Ringfort (Rath), Faghbane, Co. Kerry
Co. Kerry |
Ringforts
In the pastureland east of Killarney, roughly 260 metres south of the River Flesk, a circular earthen bank sits almost entirely swallowed by dense overgrowth.
The structure is a rath, the Irish term for a ringfort, the kind of enclosed farmstead that was built and occupied across Ireland largely during the early medieval period, roughly between the fifth and twelfth centuries. Thousands survive across the country, though many have been reduced to faint crop marks or ploughed out of existence entirely. This one at Faghbane has fared somewhat better in outline, measuring approximately 31 metres in diameter, with an internal bank height of around 0.8 metres and an external height of about 1.5 metres.

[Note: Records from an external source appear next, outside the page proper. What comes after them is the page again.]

(* Let $\mathscr T=(V,\mathcal E)$ be the directed Cartesian product of rooted directed trees $\mathscr T_1,\dots,\mathscr T_d$ and let $S_{\boldsymbol\lambda}=(S_1,\dots,S_d)$ be a commuting multishift on $\mathscr T$. Then for each $j=1,\dots,d$, $S_j$ is analytic, i.e. $\bigcap_{n\in\mathbb N}\mathrm{ran}\,S_j^n=\{0\}$.
   Context: Directed trees: no loops or circuits, connected ignoring orientation, unique parent $\mathsf{par}(v)$ for vertices with incoming edges; rooted: unique parentless vertex $\mathsf{root}$; $\mathsf{Chi}(u)=\{v:(u,v)\in\mathcal E\}$; all leafless. Directed Cartesian product of rooted trees $\mathscr T_j=(V_j,\mathcal E_j)$: $V=V_1\times\dots\times V_d$ (countably infinite), $(v,w)\in\mathcal E$ iff for some $k$, $(v_k,w_k)\in\mathcal E_k$ and $w_j=v_j$ ($j\ne k$). $\mathsf{par}_j(v)$ replaces $v_j\ne\mathsf{root}_j$ by $\mathsf{par}(v_j)$. Multishift with positive weights $\lambda^{(j)}_v$: $(S_jf)(v)=\lambda^{(j)}_vf(\mathsf{par}_j(v))$ if $v_j\ne\mathsf{root}_j$, else $0$; each $S_j$ bounded on $l^2(V)$. *)

theory Defs
  imports "HOL-Analysis.Analysis"
begin

definition directed_tree :: "'a set \<Rightarrow> ('a \<times> 'a) set \<Rightarrow> bool" where
  "directed_tree V E \<longleftrightarrow>
     E \<subseteq> V \<times> V \<and>
     (\<forall>v. (v, v) \<notin> E) \<and>                                   \<comment> \<open>no loops\<close>
     (\<forall>v. (v, v) \<notin> E\<^sup>+) \<and>                                 \<comment> \<open>no circuits\<close>
     (\<forall>v\<in>V. \<forall>w\<in>V. (v, w) \<in> (E \<union> E\<inverse>)\<^sup>*) \<and>              \<comment> \<open>connected ignoring orientation\<close>
     (\<forall>u w v. (u, v) \<in> E \<longrightarrow> (w, v) \<in> E \<longrightarrow> u = w)"

definition rooted_directed_tree :: "'a set \<Rightarrow> ('a \<times> 'a) set \<Rightarrow> bool" where
  "rooted_directed_tree V E \<longleftrightarrow> directed_tree V E \<and>
     (\<exists>!r. r \<in> V \<and> (\<forall>u. (u, r) \<notin> E))"

definition leafless :: "'a set \<Rightarrow> ('a \<times> 'a) set \<Rightarrow> bool" where
  "leafless V E \<longleftrightarrow> (\<forall>u\<in>V. \<exists>v. (u, v) \<in> E)"

definition tree_root :: "'a set \<Rightarrow> ('a \<times> 'a) set \<Rightarrow> 'a" where
  "tree_root V E = (THE r. r \<in> V \<and> (\<forall>u. (u, r) \<notin> E))"

definition tree_par :: "('a \<times> 'a) set \<Rightarrow> 'a \<Rightarrow> 'a" where
  "tree_par E v = (THE u. (u, v) \<in> E)"

definition prod_vertices :: "nat \<Rightarrow> (nat \<Rightarrow> 'a set) \<Rightarrow> (nat \<Rightarrow> 'a) set" where
  "prod_vertices d Vs = PiE {..<d} Vs"

definition prod_par :: "(nat \<Rightarrow> ('a \<times> 'a) set) \<Rightarrow> nat \<Rightarrow> (nat \<Rightarrow> 'a) \<Rightarrow> (nat \<Rightarrow> 'a)" where
  "prod_par Es j v = v(j := tree_par (Es j) (v j))"

definition l2_space :: "'v set \<Rightarrow> ('v \<Rightarrow> complex) set" where
  "l2_space V = {f. (\<forall>v. v \<notin> V \<longrightarrow> f v = 0) \<and> (\<lambda>v. (cmod (f v))\<^sup>2) summable_on V}"

definition l2_norm :: "'v set \<Rightarrow> ('v \<Rightarrow> complex) \<Rightarrow> real" where
  "l2_norm V f = sqrt (\<Sum>\<^sub>\<infinity>v\<in>V. (cmod (f v))\<^sup>2)"

definition multishift_comp ::
  "nat \<Rightarrow> (nat \<Rightarrow> 'a set) \<Rightarrow> (nat \<Rightarrow> ('a \<times> 'a) set) \<Rightarrow> (nat \<Rightarrow> (nat \<Rightarrow> 'a) \<Rightarrow> real)
     \<Rightarrow> nat \<Rightarrow> ((nat \<Rightarrow> 'a) \<Rightarrow> complex) \<Rightarrow> ((nat \<Rightarrow> 'a) \<Rightarrow> complex)" where
  "multishift_comp d Vs Es lam j f = (\<lambda>v.
     if v \<in> prod_vertices d Vs \<and> v j \<noteq> tree_root (Vs j) (Es j)
     then complex_of_real (lam j v) * f (prod_par Es j v) else 0)"

end

theory Submission
  imports Defs
begin

text \<open>Every vertex of a rooted directed tree has finite depth: finitely many steps to the parent
  reach the root. The weighted shift along coordinate \<open>j\<close> moves values one step away from the
  root in the \<open>j\<close>-th coordinate, so anything in the range of \<open>S\<^sub>j\<^sup>n\<close> vanishes at every vertex
  whose \<open>j\<close>-th coordinate has depth less than \<open>n\<close>. Hence a vector in all ranges vanishes
  everywhere.\<close>

lemma
  assumes "rooted_directed_tree V E"
  shows tree_root_in: "tree_root V E \<in> V"
    and no_edge_into_tree_root: "(u, tree_root V E) \<notin> E"
proof -
  have "\<exists>!r. r \<in> V \<and> (\<forall>u. (u, r) \<notin> E)"
    using assms by (simp add: rooted_directed_tree_def)
  from theI'[OF this] show "tree_root V E \<in> V" "(u, tree_root V E) \<notin> E"
    unfolding tree_root_def by auto
qed

lemma tree_par_eqI:
  assumes "directed_tree V E" "(u, v) \<in> E"
  shows "tree_par E v = u"
  using assms unfolding tree_par_def directed_tree_def by blast

lemma tree_root_reaches:
  assumes T: "rooted_directed_tree V E" and x: "x \<in> V"
  shows "(tree_root V E, x) \<in> E\<^sup>*"
proof -
  let ?r = "tree_root V E"
  have dt: "directed_tree V E" using T by (simp add: rooted_directed_tree_def)
  have "(?r, x) \<in> (E \<union> E\<inverse>)\<^sup>*"
    using dt tree_root_in[OF T] x by (simp add: directed_tree_def)
  then show ?thesis
  proof (induction rule: rtrancl_induct)
    case base
    then show ?case by simp
  next
    case (step y z)
    show ?case
    proof (cases "(y, z) \<in> E")
      case True
      with step.IH show ?thesis by (rule rtrancl_into_rtrancl)
    next
      case False
      then have zy: "(z, y) \<in> E" using step.hyps(2) by auto
      \<comment> \<open>\<open>y\<close> has a parent, so it is not the root; the parent on the path from the root is \<open>z\<close>.\<close>
      then have "y \<noteq> ?r" using no_edge_into_tree_root[OF T] by auto
      then have "(?r, y) \<in> E\<^sup>+" using step.IH by (metis rtranclD)
      then obtain u where "(?r, u) \<in> E\<^sup>*" "(u, y) \<in> E" by (meson tranclD2)
      with zy dt show ?thesis by (metis tree_par_eqI)
    qed
  qed
qed

lemma funpow_tree_par_reaches_root:
  assumes T: "rooted_directed_tree V E" and x: "x \<in> V"
  shows "\<exists>n. (tree_par E ^^ n) x = tree_root V E"
  using tree_root_reaches[OF assms]
proof (induction rule: rtrancl_induct)
  case base
  show ?case by (rule exI[of _ 0]) simp
next
  case (step y z)
  then obtain n where "(tree_par E ^^ n) y = tree_root V E" by blast
  moreover have "tree_par E z = y"
    using T step.hyps(2) by (meson rooted_directed_tree_def tree_par_eqI)
  ultimately have "(tree_par E ^^ Suc n) z = tree_root V E" by (simp only: funpow_Suc_right o_apply)
  then show ?case by blast
qed

lemma multishift_comp_outside:
  "v \<notin> prod_vertices d Vs \<Longrightarrow> multishift_comp d Vs Es lam j f v = 0"
  by (simp add: multishift_comp_def)

lemma multishift_comp_at_root:
  "v j = tree_root (Vs j) (Es j) \<Longrightarrow> multishift_comp d Vs Es lam j f v = 0"
  by (simp add: multishift_comp_def)

lemma multishift_comp_eq_0_if_at_par:
  "f (prod_par Es j v) = 0 \<Longrightarrow> multishift_comp d Vs Es lam j f v = 0"
  by (simp add: multishift_comp_def)

lemma multishift_comp_funpow_zero:
  "(multishift_comp d Vs Es lam j ^^ n) (\<lambda>_. 0) = (\<lambda>_. 0)"
  by (induction n) (auto simp: multishift_comp_def)

lemma multishift_comp_funpow_vanishes_near_root:
  assumes "k < n" "(tree_par (Es j) ^^ k) (v j) = tree_root (Vs j) (Es j)"
  shows "(multishift_comp d Vs Es lam j ^^ n) f v = 0"
  using assms
proof (induction n arbitrary: k v)
  case 0
  then show ?case by simp
next
  case (Suc n)
  show ?case
  proof (cases k)
    case 0
    with Suc.prems(2) have "v j = tree_root (Vs j) (Es j)" by simp
    then show ?thesis unfolding funpow.simps o_apply by (rule multishift_comp_at_root)
  next
    case (Suc m)
    have "prod_par Es j v j = tree_par (Es j) (v j)" by (simp add: prod_par_def)
    with Suc.prems \<open>k = Suc m\<close>
    have "(multishift_comp d Vs Es lam j ^^ n) f (prod_par Es j v) = 0"
      by (intro Suc.IH[of m]) (simp_all only: funpow_Suc_right o_apply)
    then show ?thesis unfolding funpow.simps o_apply by (rule multishift_comp_eq_0_if_at_par)
  qed
qed

lemma multishift_comp_in_all_ranges_eq_0:
  assumes T: "rooted_directed_tree (Vs j) (Es j)" and j: "j < d"
    and g: "\<And>n. g \<in> range (multishift_comp d Vs Es lam j ^^ n)"
  shows "g = (\<lambda>_. 0)"
proof
  fix v
  show "g v = 0"
  proof (cases "v \<in> prod_vertices d Vs")
    case False
    from g[of 1] obtain f where "g = multishift_comp d Vs Es lam j f" by auto
    with False show ?thesis by (simp add: multishift_comp_outside)
  next
    case True
    then have "v j \<in> Vs j" using j by (auto simp: prod_vertices_def)
    then obtain m where m: "(tree_par (Es j) ^^ m) (v j) = tree_root (Vs j) (Es j)"
      using funpow_tree_par_reaches_root[OF T] by blast
    from g obtain f where "g = (multishift_comp d Vs Es lam j ^^ Suc m) f" by blast
    moreover have "(multishift_comp d Vs Es lam j ^^ Suc m) f v = 0"
      by (rule multishift_comp_funpow_vanishes_near_root[where Es = Es and Vs = Vs and v = v
            and j = j, OF lessI m])
    ultimately show ?thesis by simp
  qed
qed

theorem mainTheorem14:
  fixes d :: nat
    and Vs :: "nat \<Rightarrow> 'a set"
    and Es :: "nat \<Rightarrow> ('a \<times> 'a) set"
    and lam :: "nat \<Rightarrow> (nat \<Rightarrow> 'a) \<Rightarrow> real"
  defines "V \<equiv> prod_vertices d Vs"
      and "S \<equiv> multishift_comp d Vs Es lam"
  assumes trees: "\<And>k. k < d \<Longrightarrow> rooted_directed_tree (Vs k) (Es k)"
      and leafless: "\<And>k. k < d \<Longrightarrow> leafless (Vs k) (Es k)"
      and countable: "\<And>k. k < d \<Longrightarrow> countable (Vs k)"
      and pos: "\<And>k v. k < d \<Longrightarrow> v \<in> V \<Longrightarrow> v k \<noteq> tree_root (Vs k) (Es k) \<Longrightarrow> lam k v > 0"
      and bounded: "\<And>k. k < d \<Longrightarrow> \<exists>C. \<forall>f\<in>l2_space V.
                        S k f \<in> l2_space V \<and> l2_norm V (S k f) \<le> C * l2_norm V f"
      and commuting: "\<And>k l f. k < d \<Longrightarrow> l < d \<Longrightarrow> f \<in> l2_space V \<Longrightarrow>
                        S k (S l f) = S l (S k f)"
      and j: "j < d"
  shows "(\<Inter>n. (S j ^^ n) ` l2_space V) = {\<lambda>_. 0}"
proof -
  have "g = (\<lambda>_. 0)" if "g \<in> (\<Inter>n. (S j ^^ n) ` l2_space V)" for g
    using that unfolding S_def
    by (intro multishift_comp_in_all_ranges_eq_0[where Vs = Vs and Es = Es, OF trees[OF j] j]) blast
  moreover have "(\<lambda>_. 0) \<in> (S j ^^ n) ` l2_space V" for n
  proof (rule image_eqI)
    show "(\<lambda>_. 0) = (S j ^^ n) (\<lambda>_. 0)"
      unfolding S_def by (rule multishift_comp_funpow_zero[symmetric])
    show "(\<lambda>_. 0) \<in> l2_space V" by (simp add: l2_space_def)
  qed
  ultimately show ?thesis by blast
qed

end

The difference in those two measurements reflects how the enclosing bank was typically thrown up from a surrounding ditch, giving a more imposing face to anyone approaching from outside.
What makes the Faghbane rath quietly interesting is how consistently it has been recorded across very different methods of observation. The Ordnance Survey six-inch maps of 1846 and 1893 to 1894 both show a circular enclosure of around 30 metres, suggesting the earthwork was already well enough defined in the nineteenth century to catch the attention of surveyors working at ground level. Then, in 1983, an aerial photograph confirmed the same circular form from above, the cropmark or earthwork shadow still legible from altitude more than a century after those first map records. The site also does not stand in isolation. A second rath lies approximately 90 metres to the east-south-east, a pairing that hints at a landscape once more densely settled than the present pasture would suggest.